A distinction needs to be drawn between people who fund themselves, and those for whom the local authority picks up the bill. The amounts can be horrendous. The final four-visits-a-day bill was £800 per week. Recent recommendations suggesting a cap on care-spending by individuals would be welcomed by many.

There should also be more concern for the carers. Relatives often say that they feel unsupported, and overwhelmed by the pressure of looking after a member of their family, particularly if they are trying to keep a job going at the same time - often, such people have to give up their jobs. Research conducted by YouGov for Carers UK in February 2013 found that 2.3 million people had given up work to care for an elderly parent, or a disabled or ill family member. This is said to have cost the Exchequer £5.3 billion in lost tax revenues, on top of the additional benefit costs.

One of the problems is that the ability of families to provide voluntary support is taken for granted. The Generation Strain, a report published by the Institute for Public Policy Research in April, argued that soon (by 2017 was the estimate), there will not be enough family members to deal with all those who require support.


PROFESSIONAL care workers do vital, skilled work, which should be valued by society. They should not be on the minimum wage and casual contracts: they should be salaried, with decent pay and conditions of employment, such as holidays and sick pay. This would change the care sector overnight. The present system of bringing in people, giving them a little training, and exploiting them to the point of burn-out is no way to run a system.
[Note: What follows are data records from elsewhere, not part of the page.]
(* There do not exist primes $p, q$ and positive integers $x, y, z$ such that \[ x^3 - 1 = p^3 y^2 \quad \text{and} \quad x^3 + 1 = q^3 z^2 . \] Equivalently, there are no three consecutive powerful numbers of the form $x^3 - 1 = p^3 y^2$, $x^3$, $x^3 + 1 = q^3 z^2$ with $p, q$ prime and $x, y, z$ positive integers.
   Context: A positive integer $n$ is called powerful if $p^2 \mid n$ for every prime $p$ dividing $n$. *)

theory Defs
  imports "HOL-Computational_Algebra.Primes"
begin

end

theory Submission
  imports Defs "HOL-Computational_Algebra.Nth_Powers"
begin

text \<open>
  Write \<open>x\<^sup>3 - 1 = (x - 1)(x\<^sup>2 + x + 1)\<close> and \<open>x\<^sup>3 + 1 = (x + 1)(x\<^sup>2 - x + 1)\<close>: in each
  product the gcd of the two factors divides 3, and the quadratic factor lies strictly between
  two consecutive squares. If a product of two coprime positive factors is a prime power times
  a square, the prime divides only one of them, so the other one is a square; hence whichever
  linear factor is prime to 3 is a square. For \<open>x \<equiv> 0 (mod 3)\<close> both \<open>x - 1\<close> and \<open>x + 1\<close>
  are squares, which differ by 2; for \<open>x \<equiv> 1\<close> the square \<open>x + 1\<close> is \<open>2 (mod 3)\<close>.
  For \<open>x \<equiv> 2\<close> we get \<open>x - 1 = (3k + 1)\<^sup>2\<close> with \<open>k \<noteq> 0\<close>, and then
  \<open>x\<^sup>3 + 1 = 9(3k\<^sup>2 + 2k + 1) \<cdot> (3k\<^sup>2 + 3k + 1) \<cdot> (9k\<^sup>2 + 3k + 1)\<close> with pairwise coprime
  factors, the last one not a square. So \<open>3k\<^sup>2 + 2k + 1\<close> and \<open>3k\<^sup>2 + 3k + 1\<close> are both
  squares, but two squares of size about \<open>3k\<^sup>2\<close> cannot differ by only \<open>|k|\<close>.
\<close>

lemma is_nth_power_mult_coprime_intD:
  fixes a b :: int
  assumes "coprime a b" "is_nth_power n (a * b)" "a > 0" "b > 0"
  shows "is_nth_power n a" "is_nth_power n b"
proof -
  obtain w where w: "a * b = w ^ n" using assms(2) by (auto elim: is_nth_powerE)
  have "nat a * nat b = nat \<bar>w\<bar> ^ n"
    using w assms(3,4) by (metis abs_of_pos nat_mult_distrib nat_power_eq power_abs abs_ge_zero zero_less_mult_iff)
  moreover have "coprime (nat a) (nat b)"
    using assms(1,3,4) by (simp add: coprime_int_iff[symmetric])
  ultimately have "is_nth_power n (nat a)" "is_nth_power n (nat b)"
    using is_nth_power_mult_coprime_natD assms(3,4) by (auto intro: is_nth_powerI)
  moreover have "is_nth_power n k" if "is_nth_power n (nat k)" "k \<ge> 0" for k :: int
    using that by (metis is_nth_powerE is_nth_powerI nat_0_le of_nat_power)
  ultimately show "is_nth_power n a" "is_nth_power n b"
    using assms(3,4) by simp_all
qed

lemma is_square_coprime_factor_prime_power:
  fixes a b y p :: int
  assumes "prime p" "a > 0" "b > 0" "coprime a b" "\<not> p dvd a" "a * b = p ^ n * y\<^sup>2"
  shows "is_square a"
proof -
  have "coprime a (p ^ n)"
    using assms(1,5) by (metis prime_imp_coprime coprime_commute coprime_power_right_iff)
  with assms(4) have "coprime a (b * p ^ n)" by simp
  moreover have "is_square (a * (b * p ^ n))"
    using assms(6) by (intro is_nth_powerI[of _ "p ^ n * y"]) (simp add: power2_eq_square algebra_simps)
  moreover have "b * p ^ n > 0" using assms(1,3) prime_gt_0_int by simp
  ultimately show ?thesis
    using is_nth_power_mult_coprime_intD(1) assms(2) by blast
qed

lemma is_square_coprime_factor_nonsquare_cofactor:
  fixes a b y p :: int
  assumes "prime p" "a > 0" "b > 0" "coprime a b" "a * b = p ^ n * y\<^sup>2"
    and "\<not> is_square b"
  shows "is_square a"
proof -
  have "p dvd b"
    using is_square_coprime_factor_prime_power[of p b a n y] assms by (auto simp: coprime_commute mult.commute)
  then have "\<not> p dvd a"
    using assms(1,4) by (meson coprime_common_divisor not_prime_unit)
  then show ?thesis
    using is_square_coprime_factor_prime_power assms(1-5) by blast
qed

lemma not_square_between_consecutive_squares:
  fixes n N :: int
  assumes "0 \<le> n" "n\<^sup>2 < N" "N < (n + 1)\<^sup>2"
  shows "\<not> is_square N"
proof
  assume "is_square N"
  then obtain w where "N = \<bar>w\<bar>\<^sup>2" by (auto elim: is_nth_powerE)
  moreover have "\<bar>w\<bar> \<le> n \<or> n + 1 \<le> \<bar>w\<bar>" by linarith
  then have "\<bar>w\<bar>\<^sup>2 \<le> n\<^sup>2 \<or> (n + 1)\<^sup>2 \<le> \<bar>w\<bar>\<^sup>2"
    using assms(1) by (metis abs_ge_zero power_mono add_nonneg_nonneg zero_le_one)
  ultimately show False using assms(2,3) by linarith
qed

lemma square_gap:
  fixes a w :: int
  assumes "w\<^sup>2 < a\<^sup>2"
  shows "2 * \<bar>w\<bar> + 1 \<le> a\<^sup>2 - w\<^sup>2"
proof -
  have "\<bar>w\<bar> < \<bar>a\<bar>"
    using assms by (metis abs_ge_zero power2_abs power_less_imp_less_base)
  then have "(\<bar>w\<bar> + 1)\<^sup>2 \<le> \<bar>a\<bar>\<^sup>2"
    by (intro power_mono) auto
  then show ?thesis by (simp add: power2_eq_square algebra_simps)
qed

lemma square_not_multiple_of_3:
  fixes u :: int
  assumes "\<not> 3 dvd u"
  obtains k where "u\<^sup>2 = (3 * k + 1)\<^sup>2"
proof -
  have "u mod 3 = 1 \<or> u mod 3 = 2" using assms by presburger
  then show ?thesis
  proof
    assume "u mod 3 = 1"
    then have "u = 3 * (u div 3) + 1" by presburger
    then show ?thesis using that by metis
  next
    assume "u mod 3 = 2"
    then have "u = - (3 * (- (u div 3) - 1) + 1)" by presburger
    then show ?thesis using that by (metis power2_minus)
  qed
qed

lemma coprime_mult_add_iff:
  fixes a b c :: "'a :: semiring_gcd"
  shows "coprime a (b * a + c) \<longleftrightarrow> coprime a c"
  by (simp add: coprime_iff_gcd_eq_1 gcd_add_mult)

lemma is_square_cube_minus_one:
  fixes x y p :: int
  assumes "prime p" "x > 1" "\<not> 3 dvd (x - 1)" "x ^ 3 - 1 = p ^ n * y\<^sup>2"
  shows "is_square (x - 1)"
proof (rule is_square_coprime_factor_nonsquare_cofactor)
  have "coprime (x - 1) 3"
    using assms(3) prime_imp_coprime[of 3 "x - 1"] by (simp add: coprime_commute)
  then show "coprime (x - 1) (x\<^sup>2 + x + 1)"
    using coprime_mult_add_iff[of "x - 1" "x + 2" 3] by (simp add: power2_eq_square algebra_simps)
  show "(x - 1) * (x\<^sup>2 + x + 1) = p ^ n * y\<^sup>2"
    using assms(4) by (simp add: power2_eq_square power3_eq_cube algebra_simps)
  show "\<not> is_square (x\<^sup>2 + x + 1)"
    by (rule not_square_between_consecutive_squares[of x])
      (use assms(2) in \<open>simp_all add: power2_eq_square algebra_simps\<close>)
qed (use assms in \<open>auto simp: add_pos_pos\<close>)

lemma is_square_cube_plus_one:
  fixes x z q :: int
  assumes "prime q" "x > 1" "\<not> 3 dvd (x + 1)" "x ^ 3 + 1 = q ^ n * z\<^sup>2"
  shows "is_square (x + 1)"
proof (rule is_square_coprime_factor_nonsquare_cofactor)
  have "coprime (x + 1) 3"
    using assms(3) prime_imp_coprime[of 3 "x + 1"] by (simp add: coprime_commute)
  then show "coprime (x + 1) (x\<^sup>2 - x + 1)"
    using coprime_mult_add_iff[of "x + 1" "x - 2" 3] by (simp add: power2_eq_square algebra_simps)
  show "(x + 1) * (x\<^sup>2 - x + 1) = q ^ n * z\<^sup>2"
    using assms(4) by (simp add: power2_eq_square power3_eq_cube algebra_simps)
  show "\<not> is_square (x\<^sup>2 - x + 1)"
    by (rule not_square_between_consecutive_squares[of "x - 1"])
      (use assms(2) in \<open>simp_all add: power2_eq_square algebra_simps\<close>)
  show "x\<^sup>2 - x + 1 > 0"
    using assms(2) by (simp add: power2_eq_square)
qed (use assms in auto)

lemma quadratics_not_both_squares:
  fixes k :: int
  assumes "k \<noteq> 0" "is_square (3 * k\<^sup>2 + 3 * k + 1)"
  shows "\<not> is_square (3 * k\<^sup>2 + 2 * k + 1)"
proof
  assume "is_square (3 * k\<^sup>2 + 2 * k + 1)"
  then obtain w where w: "w\<^sup>2 = 3 * k\<^sup>2 + 2 * k + 1" by (auto elim: is_nth_powerE)
  obtain a where a: "a\<^sup>2 = 3 * k\<^sup>2 + 3 * k + 1" using assms(2) by (auto elim: is_nth_powerE)
  have "k\<^sup>2 > 0" using assms(1) by simp
  consider "k > 0" | "k < 0" using assms(1) by linarith
  then show False
  proof cases
    case 1
    then have "2 * \<bar>w\<bar> + 1 \<le> k" using square_gap[of w a] a w by simp
    then have "(2 * \<bar>w\<bar> + 1)\<^sup>2 \<le> k\<^sup>2" by (intro power_mono) auto
    then have "4 * w\<^sup>2 \<le> k\<^sup>2" by (simp add: power2_eq_square algebra_simps)
    then show False using w 1 \<open>k\<^sup>2 > 0\<close> by linarith
  next
    case 2
    then have "2 * \<bar>a\<bar> + 1 \<le> - k" using square_gap[of a w] a w by simp
    then have "(2 * \<bar>a\<bar> + 1)\<^sup>2 \<le> (- k)\<^sup>2" by (intro power_mono) auto
    then have "4 * a\<^sup>2 \<le> k\<^sup>2" by (simp add: power2_eq_square algebra_simps)
    moreover have "0 \<le> (3 * k + 2)\<^sup>2" by simp
    then have "0 \<le> 9 * k\<^sup>2 + 12 * k + 4" by (simp add: power2_eq_square algebra_simps)
    ultimately show False using a \<open>k\<^sup>2 > 0\<close> by linarith
  qed
qed

lemma coprime_quadratic_factors:
  fixes k :: int
  shows "coprime (3 * k\<^sup>2 + 3 * k + 1) (9 * k\<^sup>2 + 3 * k + 1)"
proof -
  define S where "S = 3 * k\<^sup>2 + 3 * k + 1"
  have "odd S" unfolding S_def by (simp add: power2_eq_square)
  moreover have "coprime (3 * k + 1) (3 * S)"
    using coprime_mult_add_iff[of "3 * k + 1" "3 * k + 2" 1] unfolding S_def
    by (simp add: power2_eq_square algebra_simps)
  ultimately have "coprime S (2 * (3 * k + 1))"
    by (simp only: coprime_mult_right_iff coprime_right_2_iff_odd) (simp add: coprime_commute)
  moreover have "9 * k\<^sup>2 + 3 * k + 1 = 3 * S + - (2 * (3 * k + 1))"
    unfolding S_def by (simp add: algebra_simps)
  ultimately show ?thesis
    unfolding S_def by (simp only: coprime_mult_add_iff coprime_minus_right_iff)
qed

lemma not_square_quadratic_factor:
  fixes k :: int
  assumes "k \<noteq> 0"
  shows "\<not> is_square (9 * k\<^sup>2 + 3 * k + 1)"
proof (cases "k > 0")
  case True
  show ?thesis
    by (rule not_square_between_consecutive_squares[of "3 * k"])
      (use True in \<open>simp_all add: power2_eq_square algebra_simps\<close>)
next
  case False
  with assms have "k < 0" by simp
  show ?thesis
    by (rule not_square_between_consecutive_squares[of "- 3 * k - 1"])
      (use \<open>k < 0\<close> in \<open>simp_all add: power2_eq_square algebra_simps\<close>)
qed

lemma cube_plus_one_not_prime_power_times_square:
  fixes k x z q :: int
  assumes "prime q" "k \<noteq> 0" "x = (3 * k + 1)\<^sup>2 + 1" "x ^ 3 + 1 = q ^ n * z\<^sup>2"
  shows False
proof -
  define m where "m = 3 * k\<^sup>2 + 2 * k"
  define S where "S = 3 * k\<^sup>2 + 3 * k + 1"
  define T where "T = 9 * k\<^sup>2 + 3 * k + 1"
  have factored: "(9 * (m + 1) * S) * T = q ^ n * z\<^sup>2"
    using assms(3,4) unfolding S_def T_def m_def
    by (simp add: power2_eq_square power3_eq_cube algebra_simps)
  have ST: "S * T = m * (3 * (m + 1)) + 1"
    unfolding S_def T_def m_def by (simp add: power2_eq_square algebra_simps)
  then have "coprime 3 (S * T)" "coprime (m + 1) (S * T)"
    using coprime_mult_add_iff[of 3 "m * (m + 1)" 1] coprime_mult_add_iff[of "m + 1" "3 * m" 1]
    by (simp_all add: algebra_simps)
  then have "coprime (3 * 3 * (m + 1)) (S * T)"
    by (simp only: coprime_mult_left_iff)
  then have coprime_9: "coprime (9 * (m + 1)) (S * T)" by simp
  have "0 \<le> k * (k + 1)" "0 \<le> k * (3 * k + 2)"
    by (cases "k \<ge> 0"; simp add: mult_nonpos_nonpos)+
  moreover have "0 \<le> k\<^sup>2" by simp
  ultimately have pos: "S > 0" "T > 0" "m + 1 > 0"
    unfolding S_def T_def m_def by (simp_all only: distrib_left power2_eq_square; linarith)+
  have "is_square (9 * (m + 1) * S)"
  proof (rule is_square_coprime_factor_nonsquare_cofactor)
    show "coprime (9 * (m + 1) * S) T"
      using coprime_9 coprime_quadratic_factors[of k] by (simp add: S_def T_def)
    show "\<not> is_square T"
      using not_square_quadratic_factor[OF assms(2)] by (simp add: T_def)
    show "9 * (m + 1) * S > 0" using pos by simp
  qed (fact assms(1) pos(2) factored)+
  moreover have "coprime (9 * (m + 1)) S"
    using coprime_9 by simp
  ultimately have "is_square (9 * (m + 1))" "is_square S"
    using is_nth_power_mult_coprime_intD pos by simp_all
  moreover have "is_square (9 :: int)"
    by (rule is_nth_powerI[of _ 3]) simp
  ultimately have "is_square (m + 1)"
    using is_nth_power_mult_cancel_left[of 2 9 "m + 1"] by simp
  moreover have "m + 1 = 3 * k\<^sup>2 + 2 * k + 1" by (simp add: m_def)
  ultimately show False
    using quadratics_not_both_squares[OF assms(2)] \<open>is_square S\<close> S_def by simp
qed

text \<open>For \<open>x = 2\<close> both \<open>x\<^sup>3 - 1 = 7\<close> and \<open>x\<^sup>3 + 1 = 3\<^sup>2\<close> are prime powers, hence \<open>x \<ge> 3\<close>.\<close>

lemma cube_not_between_prime_powers_times_squares:
  fixes x y z p q :: int
  assumes "prime p" "prime q" "x \<ge> 3"
    and minus: "x ^ 3 - 1 = p ^ n * y\<^sup>2" and plus: "x ^ 3 + 1 = q ^ n' * z\<^sup>2"
  shows False
proof -
  have "x mod 3 = 0 \<or> x mod 3 = 1 \<or> x mod 3 = 2" by auto
  then show False
  proof (elim disjE)
    assume "x mod 3 = 0"
    then have "\<not> 3 dvd (x - 1)" "\<not> 3 dvd (x + 1)" by presburger+
    then obtain u v where u: "x - 1 = u\<^sup>2" and v: "x + 1 = v\<^sup>2"
      using is_square_cube_minus_one[OF assms(1) _ _ minus] is_square_cube_plus_one[OF assms(2) _ _ plus]
        assms(3) by (fastforce elim!: is_nth_powerE)
    then have "2 * \<bar>u\<bar> + 1 \<le> 2" using square_gap[of u v] by simp
    then have "u = 0" by simp
    then show False using u assms(3) by simp
  next
    assume "x mod 3 = 1"
    then have "\<not> 3 dvd (x + 1)" by presburger
    then obtain v where v: "x + 1 = v\<^sup>2"
      using is_square_cube_plus_one[OF assms(2) _ _ plus] assms(3) by (fastforce elim!: is_nth_powerE)
    have "\<not> 3 dvd v"
      using \<open>\<not> 3 dvd (x + 1)\<close> v by (auto simp: power2_eq_square)
    then obtain k where "v\<^sup>2 = (3 * k + 1)\<^sup>2" by (rule square_not_multiple_of_3)
    then have "x + 1 = 3 * (3 * k\<^sup>2 + 2 * k) + 1" using v by (simp add: power2_eq_square algebra_simps)
    then show False using \<open>x mod 3 = 1\<close> by presburger
  next
    assume "x mod 3 = 2"
    then have "\<not> 3 dvd (x - 1)" by presburger
    then obtain u where u: "x - 1 = u\<^sup>2"
      using is_square_cube_minus_one[OF assms(1) _ _ minus] assms(3) by (fastforce elim!: is_nth_powerE)
    have "\<not> 3 dvd u"
      using \<open>\<not> 3 dvd (x - 1)\<close> u by (auto simp: power2_eq_square)
    then obtain k where k: "u\<^sup>2 = (3 * k + 1)\<^sup>2" by (rule square_not_multiple_of_3)
    have "k \<noteq> 0" using u k assms(3) by auto
    moreover have "x = (3 * k + 1)\<^sup>2 + 1" using u k by simp
    ultimately show False
      using cube_plus_one_not_prime_power_times_square[OF assms(2)] plus by blast
  qed
qed

theorem theorem1:
  shows "\<not> (\<exists>(p::nat) (q::nat) (x::int) (y::int) (z::int).
            prime p \<and> prime q \<and> x > 0 \<and> y > 0 \<and> z > 0 \<and>
            x ^ 3 - 1 = int p ^ 3 * y ^ 2 \<and> x ^ 3 + 1 = int q ^ 3 * z ^ 2)"
proof
  assume "\<exists>(p::nat) (q::nat) (x::int) (y::int) (z::int).
            prime p \<and> prime q \<and> x > 0 \<and> y > 0 \<and> z > 0 \<and>
            x ^ 3 - 1 = int p ^ 3 * y ^ 2 \<and> x ^ 3 + 1 = int q ^ 3 * z ^ 2"
  then obtain p q :: nat and x y z :: int where
    primes: "prime (int p)" "prime (int q)" and "x > 0" "y > 0"
    and minus: "x ^ 3 - 1 = int p ^ 3 * y\<^sup>2" and plus: "x ^ 3 + 1 = int q ^ 3 * z\<^sup>2"
    by auto
  have "(2 :: int) ^ 3 \<le> int p ^ 3"
    using prime_ge_2_int[OF primes(1)] by (intro power_mono) auto
  moreover have "1 \<le> y\<^sup>2" using \<open>y > 0\<close> by simp
  ultimately have "2 ^ 3 * 1 \<le> x ^ 3 - 1"
    unfolding minus by (intro mult_mono) auto
  then have "\<not> x ^ 3 \<le> 2 ^ 3" by simp
  then have "x \<ge> 3"
    using power_mono[of x 2 3] \<open>x > 0\<close> by fastforce
  then show False
    using cube_not_between_prime_powers_times_squares[OF primes] minus plus by blast
qed

end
A wider question must be whether care can ever properly be conducted by private-sector companies, whose concern at the end of the day is profit, and return to shareholders. The ethos of caring does not sit easily with their bottom-line economics. A state-run system is unlikely to prove popular with the current Government, however, especially against the background of continuing cuts in public spending. More non-profit organisations and charities operating in the sector would help.

As a whole, there needs to be a more accurate assessment of what the care requirements of an ageing population are, and what systems could be put in place to cope with this. It is certain that the present system is not working.

Paul Donovan is a freelance writer with a particular interest in social affairs.